(Stored dataset items)
------------------------------------------------

(* Let $\lambda<0$ and let $p(x;\theta)=(1+\lambda\,\theta\cdot F(x))_+^{1/\lambda}e^{-\varphi(\theta)}$, $\theta\in\Theta\subset\mathbb{R}^d$, be a $\lambda$-exponential family on a state space $\mathcal{X}$ with reference measure $\nu$, satisfying the standing assumptions described in the context. Let $x_1,\ldots,x_n\in\mathcal{S}$ be data points and put $y_i=F(x_i)\in\mathbb{R}^d$. If $\hat\theta\in\Theta$ is a maximum likelihood estimate, i.e. $\hat\theta$ maximizes $$\ell(\theta)=\sum_{i=1}^n\Big(\tfrac{1}{\lambda}\log(1+\lambda\,\theta\cdot y_i)-\varphi(\theta)\Big)$$ over $\Theta$, then $\hat\eta:=\nabla^{(\lambda)}\varphi(\hat\theta)$ satisfies $$\hat\eta=\sum_{i=1}^n w_i(\hat\theta)\,y_i,\qquad w_i(\theta):=\frac{1/(1+\lambda\,\theta\cdot y_i)}{\sum_{j=1}^n 1/(1+\lambda\,\theta\cdot y_j)},\quad i=1,\ldots,n.$$
   Context: Setting: $\mathcal{X}$ is a state space with reference measure $\nu$, $\lambda\in\mathbb{R}\setminus\{0\}$ is fixed, $F=(F_1,\ldots,F_d):\mathcal{X}\to\mathbb{R}^d$ is a vector of statistics, $z_+=\max\{z,0\}$, and the $\lambda$-exponential family is $p(x;\theta)=(1+\lambda\theta\cdot F(x))_+^{1/\lambda}e^{-\varphi(\theta)}$, where the potential $\varphi(\theta)$ is defined by the normalization $\int_{\mathcal{X}}p(x;\theta)\,d\nu(x)=1$. The $\lambda$-gradient of a differentiable function $f$ is $\nabla^{(\lambda)}f(\theta):=\nabla f(\theta)/(1-\lambda\nabla f(\theta)\cdot\theta)$. The $\lambda$-conjugate of $f$ is $f^{(\lambda)}(y)=\sup_x\{\frac1\lambda\log(1+\lambda x\cdot y)-f(x)\}$. Standing assumptions: $\lambda<0$; $\Theta=\{\theta\in\mathbb{R}^d:\int(1+\lambda\theta\cdot F(x))_+^{1/\lambda}d\nu(x)<\infty\}$ is the natural parameter set; the family satisfies the regularity condition of Wong and Zhang (2022, Condition III.10), under which $\varphi$ is differentiable on $\Theta$ with $1-\lambda\nabla\varphi(\theta)\cdot\theta>0$, the dual potential $\psi(\eta):=\sup_{\theta'\in\Theta}\{\frac1\lambda\log(1+\lambda\theta'\cdot\eta)-\varphi(\theta')\}$ is such that $\frac1\lambda(e^{\lambda\psi}-1)$ is strictly convex on $\Xi$, and $\nabla^{(\lambda)}\varphi:\Theta\to\Xi$ is a diffeomorphism with inverse $\nabla^{(\lambda)}\psi$; moreover the dual parameter set $\Xi:=\nabla^{(\lambda)}\varphi(\Theta)$ is convex and contains the common support $\mathcal{S}:=\{x\in\mathcal{X}:p(x;\theta)>0\}$ of the family. *)

theory Defs
  imports "HOL-Analysis.Analysis"
begin

text \<open>For lam < 0 and base 0 the value is 0 (Isabelle: 0 powr a = 0), which is the
  standard convention: outside the support the density vanishes.\<close>
definition lexp_base :: "real \<Rightarrow> ('a \<Rightarrow> 'v::euclidean_space) \<Rightarrow> 'v \<Rightarrow> 'a \<Rightarrow> real" where
  "lexp_base lam F \<theta> x = (max (1 + lam * (\<theta> \<bullet> F x)) 0) powr (1 / lam)"

definition nat_params :: "real \<Rightarrow> 'a measure \<Rightarrow> ('a \<Rightarrow> 'v::euclidean_space) \<Rightarrow> 'v set" where
  "nat_params lam \<nu> F = {\<theta>. (\<integral>\<^sup>+ x. ennreal (lexp_base lam F \<theta> x) \<partial>\<nu>) < \<infinity>}"

definition lpot :: "real \<Rightarrow> 'a measure \<Rightarrow> ('a \<Rightarrow> 'v::euclidean_space) \<Rightarrow> 'v \<Rightarrow> real" where
  "lpot lam \<nu> F \<theta> = ln (\<integral>x. lexp_base lam F \<theta> x \<partial>\<nu>)"

definition ldens :: "real \<Rightarrow> 'a measure \<Rightarrow> ('a \<Rightarrow> 'v::euclidean_space) \<Rightarrow> 'v \<Rightarrow> 'a \<Rightarrow> real" where
  "ldens lam \<nu> F \<theta> x = lexp_base lam F \<theta> x * exp (- lpot lam \<nu> F \<theta>)"

definition grad :: "('v::euclidean_space \<Rightarrow> real) \<Rightarrow> 'v \<Rightarrow> 'v" where
  "grad f \<theta> = (SOME g. (f has_derivative (\<lambda>h. g \<bullet> h)) (at \<theta>))"

definition lgrad :: "real \<Rightarrow> ('v::euclidean_space \<Rightarrow> real) \<Rightarrow> 'v \<Rightarrow> 'v" where
  "lgrad lam f \<theta> = (1 / (1 - lam * (grad f \<theta> \<bullet> \<theta>))) *\<^sub>R grad f \<theta>"

definition ldual :: "real \<Rightarrow> 'v set \<Rightarrow> ('v::euclidean_space \<Rightarrow> real) \<Rightarrow> 'v \<Rightarrow> real" where
  "ldual lam \<Theta> \<phi> \<eta> = (SUP \<theta>'\<in>\<Theta>. (1 / lam) * ln (1 + lam * (\<theta>' \<bullet> \<eta>)) - \<phi> \<theta>')"

definition strict_convex_on :: "'v::real_vector set \<Rightarrow> ('v \<Rightarrow> real) \<Rightarrow> bool" where
  "strict_convex_on S f \<longleftrightarrow>
     (\<forall>x\<in>S. \<forall>y\<in>S. \<forall>t::real. x \<noteq> y \<and> 0 < t \<and> t < 1 \<longrightarrow>
        f ((1 - t) *\<^sub>R x + t *\<^sub>R y) < (1 - t) * f x + t * f y)"

text \<open>Log-likelihood of data y_0..y_(n-1) (only used where all 1 + lam theta.y_i > 0).\<close>
definition loglik :: "real \<Rightarrow> ('v::euclidean_space \<Rightarrow> real) \<Rightarrow> nat \<Rightarrow> (nat \<Rightarrow> 'v) \<Rightarrow> 'v \<Rightarrow> real" where
  "loglik lam \<phi> n y \<theta> = (\<Sum>i<n. (1 / lam) * ln (1 + lam * (\<theta> \<bullet> y i)) - \<phi> \<theta>)"

definition mle_weight :: "real \<Rightarrow> nat \<Rightarrow> (nat \<Rightarrow> 'v::euclidean_space) \<Rightarrow> 'v \<Rightarrow> nat \<Rightarrow> real" where
  "mle_weight lam n y \<theta> i =
     (1 / (1 + lam * (\<theta> \<bullet> y i))) / (\<Sum>j<n. 1 / (1 + lam * (\<theta> \<bullet> y j)))"

end

theory Submission
  imports Defs
begin

text \<open>Since the data lie in the common support, every \<open>1 + \<lambda> \<theta>\<cdot>y\<^sub>i\<close> is positive on \<open>\<Theta>\<close>,
  so \<open>\<ell>\<close> is differentiable there and the MLE is an interior critical point:
  \<open>n \<nabla>\<phi>(\<theta>) = \<Sum>\<^sub>i y\<^sub>i / a\<^sub>i\<close> with \<open>a\<^sub>i = 1 + \<lambda> \<theta>\<cdot>y\<^sub>i\<close>. Pairing this with \<open>\<theta>\<close> and using
  \<open>\<lambda> \<theta>\<cdot>y\<^sub>i = a\<^sub>i - 1\<close> gives \<open>1 - \<lambda> \<nabla>\<phi>(\<theta>)\<cdot>\<theta> = (1/n) \<Sum>\<^sub>i 1/a\<^sub>i\<close>, which is exactly the
  normalisation turning \<open>\<nabla>\<phi>\<close> into the weighted mean.\<close>

lemma grad_has_derivative:
  fixes f :: "'v::euclidean_space \<Rightarrow> real"
  assumes "f differentiable (at t)"
  shows "(f has_derivative (\<lambda>h. grad f t \<bullet> h)) (at t)"
proof -
  obtain D where D: "(f has_derivative D) (at t)"
    using assms unfolding differentiable_def by blast
  define g where "g = (\<Sum>b\<in>Basis. D b *\<^sub>R b)"
  have "D h = g \<bullet> h" for h
  proof -
    have "D h = D (\<Sum>b\<in>Basis. (h \<bullet> b) *\<^sub>R b)"
      by (simp add: euclidean_representation)
    also have "\<dots> = (\<Sum>b\<in>Basis. (h \<bullet> b) * D b)"
      using has_derivative_linear[OF D] by (simp add: linear_sum linear_scale)
    also have "\<dots> = g \<bullet> h"
      unfolding g_def by (simp add: inner_sum_right inner_commute mult.commute)
    finally show ?thesis .
  qed
  with D have "\<exists>g. (f has_derivative (\<lambda>h. g \<bullet> h)) (at t)"
    by (metis (no_types, lifting) ext)
  then show ?thesis
    unfolding grad_def by (rule someI_ex)
qed

lemma lexp_base_pos_iff: "0 < lexp_base lam F \<theta> x \<longleftrightarrow> 0 < 1 + lam * (\<theta> \<bullet> F x)"
  unfolding lexp_base_def by (auto simp: max_def)

lemma ldens_pos_iff: "0 < ldens lam \<nu> F \<theta> x \<longleftrightarrow> 0 < 1 + lam * (\<theta> \<bullet> F x)"
  unfolding ldens_def by (simp add: zero_less_mult_iff lexp_base_pos_iff)

lemma has_derivative_loglik:
  fixes y :: "nat \<Rightarrow> 'v::euclidean_space"
  assumes "lam \<noteq> 0"
    and pos: "\<And>i. i < n \<Longrightarrow> 0 < 1 + lam * (\<theta> \<bullet> y i)"
    and d\<phi>: "(\<phi> has_derivative (\<lambda>h. G \<bullet> h)) (at \<theta>)"
  shows "(loglik lam \<phi> n y has_derivative
           (\<lambda>h. ((\<Sum>i<n. (1 / (1 + lam * (\<theta> \<bullet> y i))) *\<^sub>R y i) - real n *\<^sub>R G) \<bullet> h)) (at \<theta>)"
proof -
  define a where "a i = 1 + lam * (\<theta> \<bullet> y i)" for i
  have "((\<lambda>\<theta>. (1 / lam) * ln (1 + lam * (\<theta> \<bullet> y i)) - \<phi> \<theta>) has_derivative
          (\<lambda>h. (h \<bullet> y i) / a i - G \<bullet> h)) (at \<theta>)" if "i < n" for i
  proof -
    have "((\<lambda>\<theta>. ln (1 + lam * (\<theta> \<bullet> y i))) has_derivative (\<lambda>h. lam * (h \<bullet> y i) / a i)) (at \<theta>)"
      using pos[OF that] unfolding a_def
      by (auto intro!: derivative_eq_intros simp: divide_inverse mult.commute)
    from has_derivative_diff[OF has_derivative_mult_right[OF this, of "1 / lam"] d\<phi>]
    show ?thesis
      using \<open>lam \<noteq> 0\<close> by simp
  qed
  then have "(loglik lam \<phi> n y has_derivative
               (\<lambda>h. \<Sum>i<n. (h \<bullet> y i) / a i - G \<bullet> h)) (at \<theta>)"
    unfolding loglik_def by (intro has_derivative_sum) auto
  then show ?thesis
    by (rule has_derivative_eq_rhs)
      (simp add: fun_eq_iff a_def inner_diff_right inner_sum_right sum_subtractf inner_commute)
qed

lemma loglik_max_first_order:
  fixes y :: "nat \<Rightarrow> 'v::euclidean_space"
  assumes "lam \<noteq> 0" and "open T" and "\<theta> \<in> T"
    and pos: "\<And>i. i < n \<Longrightarrow> 0 < 1 + lam * (\<theta> \<bullet> y i)"
    and diff: "\<phi> differentiable (at \<theta>)"
    and max: "\<forall>\<theta>'\<in>T. loglik lam \<phi> n y \<theta>' \<le> loglik lam \<phi> n y \<theta>"
  shows "real n *\<^sub>R grad \<phi> \<theta> = (\<Sum>i<n. (1 / (1 + lam * (\<theta> \<bullet> y i))) *\<^sub>R y i)"
proof -
  define V where "V = (\<Sum>i<n. (1 / (1 + lam * (\<theta> \<bullet> y i))) *\<^sub>R y i) - real n *\<^sub>R grad \<phi> \<theta>"
  have "(loglik lam \<phi> n y has_derivative (\<lambda>h. V \<bullet> h)) (at \<theta>)"
    unfolding V_def
    using has_derivative_loglik[OF \<open>lam \<noteq> 0\<close> pos grad_has_derivative[OF diff]] .
  then have "(\<lambda>h. V \<bullet> h) = (\<lambda>h. 0)"
    using differential_zero_maxmin[OF \<open>\<theta> \<in> T\<close> \<open>open T\<close>] max by blast
  then have "V \<bullet> V = 0"
    by meson
  then show ?thesis
    unfolding V_def by simp
qed

lemma lgrad_eq_weighted_mean:
  fixes y :: "nat \<Rightarrow> 'v::euclidean_space"
  assumes "0 < n"
    and pos: "\<And>i. i < n \<Longrightarrow> 0 < 1 + lam * (\<theta> \<bullet> y i)"
    and crit: "real n *\<^sub>R grad f \<theta> = (\<Sum>i<n. (1 / (1 + lam * (\<theta> \<bullet> y i))) *\<^sub>R y i)"
  shows "lgrad lam f \<theta> = (\<Sum>i<n. mle_weight lam n y \<theta> i *\<^sub>R y i)"
proof -
  define a where "a i = 1 + lam * (\<theta> \<bullet> y i)" for i
  define s where "s = (\<Sum>i<n. 1 / a i)"
  have "real n * (grad f \<theta> \<bullet> \<theta>) = (\<Sum>i<n. (\<theta> \<bullet> y i) / a i)"
    using arg_cong[OF crit, of "\<lambda>v. v \<bullet> \<theta>"] unfolding a_def
    by (simp add: inner_sum_right inner_commute)
  then have "real n * (lam * (grad f \<theta> \<bullet> \<theta>)) = (\<Sum>i<n. lam * (\<theta> \<bullet> y i) / a i)"
    by (simp add: sum_distrib_left mult.left_commute)
  also have "\<dots> = (\<Sum>i<n. 1 - 1 / a i)"
  proof (intro sum.cong refl)
    fix i assume "i \<in> {..<n}"
    then have "a i \<noteq> 0"
      using pos unfolding a_def by (metis lessThan_iff less_irrefl)
    then show "lam * (\<theta> \<bullet> y i) / a i = 1 - 1 / a i"
      by (simp add: a_def field_simps)
  qed
  also have "\<dots> = real n - s"
    unfolding s_def by (simp add: sum_subtractf)
  finally have "1 - lam * (grad f \<theta> \<bullet> \<theta>) = s / real n"
    using \<open>0 < n\<close> by (simp add: field_simps)
  then have "lgrad lam f \<theta> = (1 / s) *\<^sub>R (real n *\<^sub>R grad f \<theta>)"
    unfolding lgrad_def by simp
  also have "\<dots> = (\<Sum>i<n. mle_weight lam n y \<theta> i *\<^sub>R y i)"
    unfolding crit mle_weight_def s_def a_def
    by (simp add: scaleR_sum_right divide_inverse mult.commute)
  finally show ?thesis .
qed

theorem proposition1:
  fixes lam :: real and \<nu> :: "'a measure" and F :: "'a \<Rightarrow> 'v::euclidean_space"
    and S :: "'a set" and n :: nat and x :: "nat \<Rightarrow> 'a" and \<theta>hat :: 'v
  defines "\<Theta> \<equiv> nat_params lam \<nu> F"
    and "\<phi> \<equiv> lpot lam \<nu> F"
    and "\<Xi> \<equiv> lgrad lam (lpot lam \<nu> F) ` nat_params lam \<nu> F"
    and "\<psi> \<equiv> ldual lam (nat_params lam \<nu> F) (lpot lam \<nu> F)"
    and "y \<equiv> (\<lambda>i. F (x i))"
  assumes lam_neg: "lam < 0"
    and F_meas: "F \<in> borel_measurable \<nu>"
    \<comment> \<open>standing regularity assumptions (Wong--Zhang 2022, Condition III.10)\<close>
    and Theta_open: "open \<Theta>"
    and norm_pos: "\<forall>\<theta>\<in>\<Theta>. 0 < (\<integral>x. lexp_base lam F \<theta> x \<partial>\<nu>)"
    and phi_diff: "\<forall>\<theta>\<in>\<Theta>. \<phi> differentiable (at \<theta>)"
    and phi_pos: "\<forall>\<theta>\<in>\<Theta>. 1 - lam * (grad \<phi> \<theta> \<bullet> \<theta>) > 0"
    and psi_conv: "strict_convex_on \<Xi> (\<lambda>\<eta>. (1 / lam) * (exp (lam * \<psi> \<eta>) - 1))"
    and diffeo: "bij_betw (lgrad lam \<phi>) \<Theta> \<Xi>"
      "lgrad lam \<phi> differentiable_on \<Theta>"
      "\<forall>\<eta>\<in>\<Xi>. \<psi> differentiable (at \<eta>)"
      "lgrad lam \<psi> differentiable_on \<Xi>"
      "\<forall>\<theta>\<in>\<Theta>. lgrad lam \<psi> (lgrad lam \<phi> \<theta>) = \<theta>"
      "\<forall>\<eta>\<in>\<Xi>. lgrad lam \<phi> (lgrad lam \<psi> \<eta>) = \<eta>"
    and Xi_convex: "convex \<Xi>"
    and common_support: "\<forall>\<theta>\<in>\<Theta>. {z \<in> space \<nu>. ldens lam \<nu> F \<theta> z > 0} = S"
    and support_in_Xi: "F ` S \<subseteq> \<Xi>"
    \<comment> \<open>data and maximum likelihood estimate\<close>
    and n_pos: "0 < n"
    and data: "\<forall>i<n. x i \<in> S"
    and mle_in: "\<theta>hat \<in> \<Theta>"
    and mle_max: "\<forall>\<theta>\<in>\<Theta>. (\<forall>i<n. 0 < 1 + lam * (\<theta> \<bullet> y i)) \<longrightarrow>
                     loglik lam \<phi> n y \<theta> \<le> loglik lam \<phi> n y \<theta>hat"
  shows "lgrad lam \<phi> \<theta>hat = (\<Sum>i<n. mle_weight lam n y \<theta>hat i *\<^sub>R y i)"
proof -
  have data_pos: "0 < 1 + lam * (\<theta> \<bullet> y i)" if "\<theta> \<in> \<Theta>" and "i < n" for \<theta> i
    using common_support data that unfolding y_def by (auto simp: ldens_pos_iff)
  have "\<forall>\<theta>\<in>\<Theta>. loglik lam \<phi> n y \<theta> \<le> loglik lam \<phi> n y \<theta>hat"
    using mle_max data_pos by blast
  with lam_neg Theta_open mle_in data_pos phi_diff
  have "real n *\<^sub>R grad \<phi> \<theta>hat = (\<Sum>i<n. (1 / (1 + lam * (\<theta>hat \<bullet> y i))) *\<^sub>R y i)"
    by (intro loglik_max_first_order) auto
  with n_pos mle_in data_pos show ?thesis
    by (intro lgrad_eq_weighted_mean) auto
qed

end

------------------------------------------------

DIRECTIONS » Find the string "lpot" in the records, then copy each line where it occurs.

RESPONSE TO THIS EXERCISE »
definition lpot :: "real \<Rightarrow> 'a measure \<Rightarrow> ('a \<Rightarrow> 'v::euclidean_space) \<Rightarrow> 'v \<Rightarrow> real" where
  "lpot lam \<nu> F \<theta> = ln (\<integral>x. lexp_base lam F \<theta> x \<partial>\<nu>)"
  "ldens lam \<nu> F \<theta> x = lexp_base lam F \<theta> x * exp (- lpot lam \<nu> F \<theta>)"
    and "\<phi> \<equiv> lpot lam \<nu> F"
    and "\<Xi> \<equiv> lgrad lam (lpot lam \<nu> F) ` nat_params lam \<nu> F"
    and "\<psi> \<equiv> ldual lam (nat_params lam \<nu> F) (lpot lam \<nu> F)"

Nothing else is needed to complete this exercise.